In the evening, an officer's dance will take place before the settlers return home. In the meantime, McCabe becomes romantically involved with Elena, and Gary with Marty, with Gary proposing and Marty accepting at the dance.

As the dance continues, in the civilian encampment, Mrs. McCandless decides to set free Running Wolf, who has been tied to a wagon wheel. However, when she tries to cut his hair, he kills her. Meanwhile, back at the dance, Elena she finds herself ostracized by white society, deemed a woman who "degraded herself" by submitting to a savage rather than killing herself, which her Catholic faith forbade her to do. Now, she and McCabe have fallen in love, exemplified when he, backed by Gary, gives the soldiers and their wives a dressing down for their treatment of Elena.

At the civilian encampment, an impromptu trial presided over by Judge Purcell and a settler jury has decided to hang the boy; Lt. Gary's attempt to stop them fails as he is knocked unconscious. As the boy is being dragged off by a mob, Marty realizes to her horror that Running Wolf is her long-lost brother but is powerless to intervene (the boy has recognized the music box tune and shouted "Mine!" numerous times.)

Now, McCabe, accompanied by Elena, Lt. Gary and Sgt. Posey, arrives back in the town of Tuscosa, where McCabe plans to resume his position of marshal. However, McCabe discovers that Belle has taken his simple-minded deputy as a lover and got him elected to replace McCabe as marshal. After an extended humiliation by Belle ("news travels fast"), Elena decides to go to California on the next stagecoach, and McCabe, riding shotgun, happily decides to go with her. As they leave, Lt. Gary comments to Belle that his friend McCabe has "finally found something that he wants more than ten percent of."

==Production==
John Ford agreed to direct the film for money ($225,000 plus 25% of the net profits) and as a favor to Columbia Pictures head Harry Cohn, who died in 1958. The director hated the material, believing he had done a far better treatment of the theme in The Searchers (1956). Even after he brought in his most trusted screenwriter, Frank Nugent — the man responsible for The Searchers and nine other Ford classics — to fix the script, the director said it was "the worst piece of crap I’ve done in 20 years."

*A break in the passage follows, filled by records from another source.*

(* For $\sigma\in\mathcal{M}^{\rm TF}$, the potential $\Phi_\sigma:=V_{\rm nuc}+\sigma*\log|\cdot|$ is continuous and once continuously differentiable away from the points $x_1,\ldots,x_K$, and $\Phi_\sigma(x)\to0$ as $|x|\to\infty$. More generally, if $\sigma\in L^\infty(\mathbb{R}^2)\cap L^1(\mathbb{R}^2,\log(2+|x|)dx)$ with $0\le\sigma\le1$ and $\int_{\mathbb{R}^2}\sigma<K$, then $$\Big|\Phi_\sigma(x)+\Big(K-\int_{\mathbb{R}^2}\sigma\Big)\log|x|\Big|\to0\quad\text{as }|x|\to\infty.$$
   Context: Let $K\ge1$ be an integer, $x_1,\ldots,x_K\in\mathbb{R}^2$ and $V_{\rm nuc}(x)=-\sum_{i=1}^K\log|x-x_i|$. $\mathcal{M}^{\rm TF}=\{\sigma\in L^\infty(\mathbb{R}^2)\cap L^1(\mathbb{R}^2,\log(2+|x|)dx):0\leq\sigma\leq1,\ \int\sigma=K\}$. *)

theory Defs
  imports "HOL-Analysis.Analysis"
begin

definition admissible_density :: "(real^2 \<Rightarrow> real) \<Rightarrow> bool" where
  "admissible_density \<sigma> \<longleftrightarrow>
     \<sigma> \<in> borel_measurable lebesgue \<and>
     (\<forall>x. 0 \<le> \<sigma> x \<and> \<sigma> x \<le> 1) \<and>
     integrable lebesgue (\<lambda>x. \<sigma> x * ln (2 + norm x))"

definition M_TF :: "nat \<Rightarrow> (real^2 \<Rightarrow> real) set" where
  "M_TF K = {\<sigma>. admissible_density \<sigma> \<and> integral\<^sup>L lebesgue \<sigma> = real K}"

In Andrew Sinclair's 1979 biography, John Ford, Stewart revealed that Ford's "direction took the form of asides. Sometimes he'd put his hand across his mouth so that others couldn't hear what he was saying to you. On Two Rode Together, he told me to watch out for Dick Widmark because he was a good actor and that he would start stealing if I didn't watch him. Later, I learned he'd told Dick the same thing about me. He liked things to be tense."

One of the film's most notable scenes is a four-minute two-shot of Stewart and Widmark bantering on a river bank about money, women, and the Comanche problem. Ford shot the lengthy scene with his crew waist-deep in the chilly river.

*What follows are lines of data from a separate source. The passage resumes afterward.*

lemma complex_real_imag_combination:
  "of_real (Re z) * a + of_real (Im z) * b = z * ((a - \<i> * b) / 2) + cnj z * ((a + \<i> * b) / 2)"
  by (simp add: complex_eq_iff field_simps)

lemma square_HOD_subst_z_is_square_COD:
  fixes A :: "nat \<Rightarrow> complex^'n^'n"
  assumes "is_square_HOD A (2 * k)"
  shows "is_square_COD (\<lambda>z. design_eval A (2 * k) (subst_z z)) k"
  unfolding is_square_COD_def
proof (intro conjI exI allI)
  fix z
  show "design_eval A (2 * k) (subst_z z)
          = (\<chi> i j. \<Sum>l<k. z l * ((\<chi> i j. (A (2 * l) $ i $ j - \<i> * A (2 * l + 1) $ i $ j) / 2) $ i $ j)
                          + cnj (z l) * ((\<chi> i j. (A (2 * l) $ i $ j + \<i> * A (2 * l + 1) $ i $ j) / 2) $ i $ j))"
    by (simp add: design_eval_def sum_lessThan_pairs subst_z_def complex_real_imag_combination)
  have "(\<Sum>l<2 * k. (subst_z z l)\<^sup>2) = (\<Sum>l<k. (cmod (z l))\<^sup>2)"
    by (simp add: sum_lessThan_pairs subst_z_def cmod_power2)
  then show "cadj (design_eval A (2 * k) (subst_z z)) ** design_eval A (2 * k) (subst_z z)
               = mat (complex_of_real (\<Sum>l<k. (cmod (z l))\<^sup>2))"
    using assms unfolding is_square_HOD_def by metis
qed

theorem corollary2:
  fixes A :: "nat \<Rightarrow> complex^'n^'n" and k :: nat
  assumes "k \<ge> 1"
    and "is_square_HOD A (2*k - 1)"
  shows "\<exists>L :: complex^'n^'n.
           is_square_HOD (A((2*k - 1) := L)) (2*k)
         \<and> is_square_COD (\<lambda>z. design_eval (A((2*k - 1) := L)) (2*k) (subst_z z)) k"
proof -
  have odd: "odd (2*k - 1)" and Suc: "Suc (2*k - 1) = 2*k"
    using \<open>k \<ge> 1\<close> by auto
  have "hurwitz_radon A (2*k - 1)"
    using assms(2) by (simp add: square_HOD_iff_hurwitz_radon)
  then obtain L where "hurwitz_radon (A((2*k - 1) := L)) (Suc (2*k - 1))"
    using odd by (rule hurwitz_radon_extend_odd)
  then have "is_square_HOD (A((2*k - 1) := L)) (2*k)"
    unfolding square_HOD_iff_hurwitz_radon Suc .
  then show ?thesis
    using square_HOD_subst_z_is_square_COD by blast
qed

end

The film was shot at the Alamo Village, the movie set originally created for John Wayne's The Alamo (1960).

Two Rode Together was the first of three Westerns that Stewart and Ford would collaborate on; The Man Who Shot Liberty Valance came the following year and Cheyenne Autumn was released in 1964. This film was also the fifteenth that Jack Murray would edit for Ford. It was also the last; Murray died a few months before the film's release.

==Critical reception==
The film received mixed reviews. The Los Angeles Times described Two Rode Together as the "most disappointing western" of John Ford's career, while The New York Times praised James Stewart's performance as a career best.